## WHAT YOU NEED TO DO
Return each line of the records holding the string "assumes".

★ ★ ★ ★ ★ ★ ★

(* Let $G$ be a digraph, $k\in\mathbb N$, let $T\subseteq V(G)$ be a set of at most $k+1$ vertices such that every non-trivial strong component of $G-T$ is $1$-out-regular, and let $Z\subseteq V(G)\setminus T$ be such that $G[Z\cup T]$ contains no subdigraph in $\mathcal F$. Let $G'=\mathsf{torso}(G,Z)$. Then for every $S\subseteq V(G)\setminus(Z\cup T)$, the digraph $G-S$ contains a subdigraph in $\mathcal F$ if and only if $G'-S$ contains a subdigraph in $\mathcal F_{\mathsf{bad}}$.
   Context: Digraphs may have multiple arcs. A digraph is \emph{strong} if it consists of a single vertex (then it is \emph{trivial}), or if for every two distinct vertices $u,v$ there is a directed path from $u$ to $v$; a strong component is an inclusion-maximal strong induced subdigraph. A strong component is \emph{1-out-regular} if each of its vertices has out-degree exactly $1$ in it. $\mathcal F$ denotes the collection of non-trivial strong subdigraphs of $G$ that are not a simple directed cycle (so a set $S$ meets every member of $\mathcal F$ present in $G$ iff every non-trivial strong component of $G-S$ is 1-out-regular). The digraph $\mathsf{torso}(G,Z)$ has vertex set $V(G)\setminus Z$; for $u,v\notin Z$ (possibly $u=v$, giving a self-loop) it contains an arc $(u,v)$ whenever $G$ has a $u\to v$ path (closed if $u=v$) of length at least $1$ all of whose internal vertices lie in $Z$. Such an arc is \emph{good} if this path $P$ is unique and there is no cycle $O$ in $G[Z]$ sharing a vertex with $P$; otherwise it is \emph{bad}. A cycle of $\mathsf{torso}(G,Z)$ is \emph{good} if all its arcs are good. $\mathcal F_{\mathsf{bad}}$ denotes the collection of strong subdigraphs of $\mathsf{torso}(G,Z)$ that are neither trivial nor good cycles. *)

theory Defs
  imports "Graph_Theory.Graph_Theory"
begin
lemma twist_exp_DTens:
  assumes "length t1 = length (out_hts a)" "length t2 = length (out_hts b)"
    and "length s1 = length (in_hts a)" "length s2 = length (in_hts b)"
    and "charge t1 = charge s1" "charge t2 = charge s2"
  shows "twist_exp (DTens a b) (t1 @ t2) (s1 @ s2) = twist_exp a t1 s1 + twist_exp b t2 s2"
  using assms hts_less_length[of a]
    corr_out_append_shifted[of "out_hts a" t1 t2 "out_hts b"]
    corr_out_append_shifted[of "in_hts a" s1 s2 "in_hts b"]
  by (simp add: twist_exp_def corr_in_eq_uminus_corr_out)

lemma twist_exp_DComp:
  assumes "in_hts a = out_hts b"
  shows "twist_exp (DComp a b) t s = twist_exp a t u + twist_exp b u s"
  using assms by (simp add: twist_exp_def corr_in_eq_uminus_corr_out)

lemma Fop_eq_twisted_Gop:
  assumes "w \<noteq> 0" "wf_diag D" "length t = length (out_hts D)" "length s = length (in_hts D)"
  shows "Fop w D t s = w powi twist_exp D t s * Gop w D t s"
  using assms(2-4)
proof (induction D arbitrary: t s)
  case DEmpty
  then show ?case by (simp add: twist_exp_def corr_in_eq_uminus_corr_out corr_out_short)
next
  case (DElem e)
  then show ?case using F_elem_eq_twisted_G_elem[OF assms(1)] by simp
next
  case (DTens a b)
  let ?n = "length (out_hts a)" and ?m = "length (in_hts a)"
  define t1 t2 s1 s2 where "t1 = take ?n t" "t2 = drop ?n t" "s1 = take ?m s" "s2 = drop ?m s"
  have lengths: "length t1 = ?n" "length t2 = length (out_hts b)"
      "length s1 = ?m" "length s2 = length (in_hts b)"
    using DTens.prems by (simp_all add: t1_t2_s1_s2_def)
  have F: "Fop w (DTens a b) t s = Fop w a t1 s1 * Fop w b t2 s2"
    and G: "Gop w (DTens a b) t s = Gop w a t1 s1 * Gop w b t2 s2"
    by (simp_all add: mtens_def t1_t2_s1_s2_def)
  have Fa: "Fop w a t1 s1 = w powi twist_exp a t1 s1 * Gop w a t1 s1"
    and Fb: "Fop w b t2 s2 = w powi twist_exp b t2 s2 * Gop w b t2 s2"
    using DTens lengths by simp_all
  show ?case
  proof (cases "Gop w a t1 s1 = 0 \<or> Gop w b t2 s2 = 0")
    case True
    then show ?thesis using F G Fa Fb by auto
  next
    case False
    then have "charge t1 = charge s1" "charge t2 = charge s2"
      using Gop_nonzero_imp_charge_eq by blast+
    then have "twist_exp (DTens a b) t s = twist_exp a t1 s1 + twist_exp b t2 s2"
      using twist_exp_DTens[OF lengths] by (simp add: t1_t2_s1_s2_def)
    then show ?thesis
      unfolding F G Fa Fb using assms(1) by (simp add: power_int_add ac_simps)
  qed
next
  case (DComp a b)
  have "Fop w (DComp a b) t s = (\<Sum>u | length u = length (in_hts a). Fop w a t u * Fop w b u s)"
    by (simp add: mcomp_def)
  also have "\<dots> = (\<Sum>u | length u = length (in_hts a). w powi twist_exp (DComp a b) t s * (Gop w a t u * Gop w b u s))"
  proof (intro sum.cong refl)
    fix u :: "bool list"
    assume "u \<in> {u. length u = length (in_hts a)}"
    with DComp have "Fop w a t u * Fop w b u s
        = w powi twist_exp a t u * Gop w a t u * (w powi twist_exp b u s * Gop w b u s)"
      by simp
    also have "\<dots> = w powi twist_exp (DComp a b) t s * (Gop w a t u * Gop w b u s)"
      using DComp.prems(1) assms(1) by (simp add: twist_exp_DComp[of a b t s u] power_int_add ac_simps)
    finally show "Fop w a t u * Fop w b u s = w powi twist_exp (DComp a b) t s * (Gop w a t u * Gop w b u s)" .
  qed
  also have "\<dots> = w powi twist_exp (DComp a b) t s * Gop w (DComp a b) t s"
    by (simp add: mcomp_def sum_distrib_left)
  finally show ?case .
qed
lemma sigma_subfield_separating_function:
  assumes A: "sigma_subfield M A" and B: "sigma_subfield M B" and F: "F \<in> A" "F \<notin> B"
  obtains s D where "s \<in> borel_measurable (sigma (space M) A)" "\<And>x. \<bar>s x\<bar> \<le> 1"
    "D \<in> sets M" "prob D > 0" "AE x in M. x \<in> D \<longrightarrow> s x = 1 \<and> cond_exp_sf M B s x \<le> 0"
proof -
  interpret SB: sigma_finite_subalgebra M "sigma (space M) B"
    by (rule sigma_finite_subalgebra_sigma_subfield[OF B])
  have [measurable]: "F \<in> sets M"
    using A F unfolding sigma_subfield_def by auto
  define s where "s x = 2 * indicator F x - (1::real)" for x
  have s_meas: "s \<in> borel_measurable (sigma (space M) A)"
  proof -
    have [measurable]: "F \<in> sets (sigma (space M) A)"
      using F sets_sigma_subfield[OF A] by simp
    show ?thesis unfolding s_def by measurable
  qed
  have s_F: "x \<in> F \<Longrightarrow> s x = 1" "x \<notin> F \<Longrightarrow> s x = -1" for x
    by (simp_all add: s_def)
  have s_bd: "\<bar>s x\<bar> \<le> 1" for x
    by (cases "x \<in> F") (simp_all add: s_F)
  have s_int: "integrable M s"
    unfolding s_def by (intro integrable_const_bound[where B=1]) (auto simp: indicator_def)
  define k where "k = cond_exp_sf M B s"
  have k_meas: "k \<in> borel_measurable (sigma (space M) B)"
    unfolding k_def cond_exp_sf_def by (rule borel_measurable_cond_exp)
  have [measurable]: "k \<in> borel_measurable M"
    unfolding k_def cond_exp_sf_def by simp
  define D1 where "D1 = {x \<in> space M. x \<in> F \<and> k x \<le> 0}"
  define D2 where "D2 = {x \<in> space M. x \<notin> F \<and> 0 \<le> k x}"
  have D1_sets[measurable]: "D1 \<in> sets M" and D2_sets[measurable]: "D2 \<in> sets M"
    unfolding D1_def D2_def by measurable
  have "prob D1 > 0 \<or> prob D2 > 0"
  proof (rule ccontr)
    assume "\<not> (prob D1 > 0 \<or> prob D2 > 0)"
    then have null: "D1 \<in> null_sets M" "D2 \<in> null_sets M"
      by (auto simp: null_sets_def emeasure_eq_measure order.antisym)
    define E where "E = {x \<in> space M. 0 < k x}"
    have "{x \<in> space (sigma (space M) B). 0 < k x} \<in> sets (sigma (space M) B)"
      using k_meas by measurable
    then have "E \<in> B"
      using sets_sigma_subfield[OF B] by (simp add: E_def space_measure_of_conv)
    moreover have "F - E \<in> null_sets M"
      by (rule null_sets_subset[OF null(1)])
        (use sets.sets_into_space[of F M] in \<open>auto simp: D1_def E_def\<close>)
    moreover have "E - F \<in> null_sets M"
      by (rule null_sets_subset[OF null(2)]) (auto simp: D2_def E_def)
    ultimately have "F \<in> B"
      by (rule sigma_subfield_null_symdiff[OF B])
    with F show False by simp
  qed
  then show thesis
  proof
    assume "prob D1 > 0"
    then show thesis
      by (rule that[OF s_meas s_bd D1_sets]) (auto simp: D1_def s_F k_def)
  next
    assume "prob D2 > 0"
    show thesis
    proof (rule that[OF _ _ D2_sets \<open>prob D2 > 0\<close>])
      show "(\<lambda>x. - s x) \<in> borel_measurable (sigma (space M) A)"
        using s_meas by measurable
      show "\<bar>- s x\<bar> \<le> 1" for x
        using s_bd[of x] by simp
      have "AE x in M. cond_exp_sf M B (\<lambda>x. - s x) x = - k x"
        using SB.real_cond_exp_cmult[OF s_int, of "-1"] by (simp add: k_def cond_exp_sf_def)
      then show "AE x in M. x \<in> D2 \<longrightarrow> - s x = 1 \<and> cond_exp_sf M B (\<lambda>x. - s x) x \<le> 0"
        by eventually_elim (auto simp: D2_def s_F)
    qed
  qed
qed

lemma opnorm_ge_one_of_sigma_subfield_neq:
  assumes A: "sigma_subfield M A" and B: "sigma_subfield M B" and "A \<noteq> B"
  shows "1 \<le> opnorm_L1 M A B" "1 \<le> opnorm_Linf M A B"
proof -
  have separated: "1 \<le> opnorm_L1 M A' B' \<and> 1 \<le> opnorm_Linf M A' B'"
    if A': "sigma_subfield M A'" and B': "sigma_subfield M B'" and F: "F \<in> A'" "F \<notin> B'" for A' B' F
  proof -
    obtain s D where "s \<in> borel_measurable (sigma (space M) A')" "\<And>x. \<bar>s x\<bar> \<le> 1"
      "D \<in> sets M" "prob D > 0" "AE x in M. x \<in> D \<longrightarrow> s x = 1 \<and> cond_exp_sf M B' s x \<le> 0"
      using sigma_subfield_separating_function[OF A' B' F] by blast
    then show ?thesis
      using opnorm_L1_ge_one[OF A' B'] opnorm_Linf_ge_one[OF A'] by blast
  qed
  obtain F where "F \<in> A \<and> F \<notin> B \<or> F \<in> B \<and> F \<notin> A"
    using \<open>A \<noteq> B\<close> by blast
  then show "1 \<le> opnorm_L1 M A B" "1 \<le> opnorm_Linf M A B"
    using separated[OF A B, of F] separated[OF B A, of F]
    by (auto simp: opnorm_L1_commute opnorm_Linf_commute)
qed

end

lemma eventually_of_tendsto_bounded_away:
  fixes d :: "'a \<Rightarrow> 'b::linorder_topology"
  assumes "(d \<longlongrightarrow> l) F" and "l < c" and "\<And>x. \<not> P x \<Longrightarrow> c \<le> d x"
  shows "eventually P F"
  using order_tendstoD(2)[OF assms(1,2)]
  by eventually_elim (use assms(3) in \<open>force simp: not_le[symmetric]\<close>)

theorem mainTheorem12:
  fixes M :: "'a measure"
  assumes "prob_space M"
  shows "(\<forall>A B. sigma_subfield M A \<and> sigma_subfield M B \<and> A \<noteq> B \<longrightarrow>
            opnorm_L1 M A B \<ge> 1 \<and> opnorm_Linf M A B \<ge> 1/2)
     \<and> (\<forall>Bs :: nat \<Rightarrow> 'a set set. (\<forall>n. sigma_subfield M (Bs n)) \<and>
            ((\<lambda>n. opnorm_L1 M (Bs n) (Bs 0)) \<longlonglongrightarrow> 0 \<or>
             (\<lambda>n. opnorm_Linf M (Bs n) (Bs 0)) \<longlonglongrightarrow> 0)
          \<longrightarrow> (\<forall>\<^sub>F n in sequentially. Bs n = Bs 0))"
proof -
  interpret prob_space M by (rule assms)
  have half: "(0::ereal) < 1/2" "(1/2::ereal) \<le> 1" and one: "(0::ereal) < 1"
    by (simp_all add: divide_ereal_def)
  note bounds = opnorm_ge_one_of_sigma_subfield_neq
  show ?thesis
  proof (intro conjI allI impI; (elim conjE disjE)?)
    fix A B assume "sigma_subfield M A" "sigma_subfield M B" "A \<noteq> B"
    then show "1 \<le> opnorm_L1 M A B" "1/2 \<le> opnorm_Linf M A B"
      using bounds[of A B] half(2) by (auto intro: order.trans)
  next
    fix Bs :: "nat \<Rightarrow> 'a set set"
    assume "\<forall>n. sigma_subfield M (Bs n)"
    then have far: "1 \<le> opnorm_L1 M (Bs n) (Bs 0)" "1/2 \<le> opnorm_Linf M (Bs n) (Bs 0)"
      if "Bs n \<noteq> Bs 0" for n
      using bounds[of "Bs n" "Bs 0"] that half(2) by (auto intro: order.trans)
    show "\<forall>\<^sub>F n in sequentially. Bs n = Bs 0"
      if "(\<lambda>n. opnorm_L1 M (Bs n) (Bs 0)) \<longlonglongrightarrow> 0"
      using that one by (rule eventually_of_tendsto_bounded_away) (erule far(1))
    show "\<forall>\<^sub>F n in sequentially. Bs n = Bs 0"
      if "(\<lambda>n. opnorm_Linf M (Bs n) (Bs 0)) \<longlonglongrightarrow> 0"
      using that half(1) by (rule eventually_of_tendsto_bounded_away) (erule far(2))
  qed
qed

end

★ ★ ★ ★ ★ ★ ★

## REPLY TO THE TASK
  assumes "length t1 = length (out_hts a)" "length t2 = length (out_hts b)"
  assumes "in_hts a = out_hts b"
  assumes "w \<noteq> 0" "wf_diag D" "length t = length (out_hts D)" "length s = length (in_hts D)"
  assumes A: "sigma_subfield M A" and B: "sigma_subfield M B" and F: "F \<in> A" "F \<notin> B"
  assumes A: "sigma_subfield M A" and B: "sigma_subfield M B" and "A \<noteq> B"
  assumes "(d \<longlongrightarrow> l) F" and "l < c" and "\<And>x. \<not> P x \<Longrightarrow> c \<le> d x"
  assumes "prob_space M"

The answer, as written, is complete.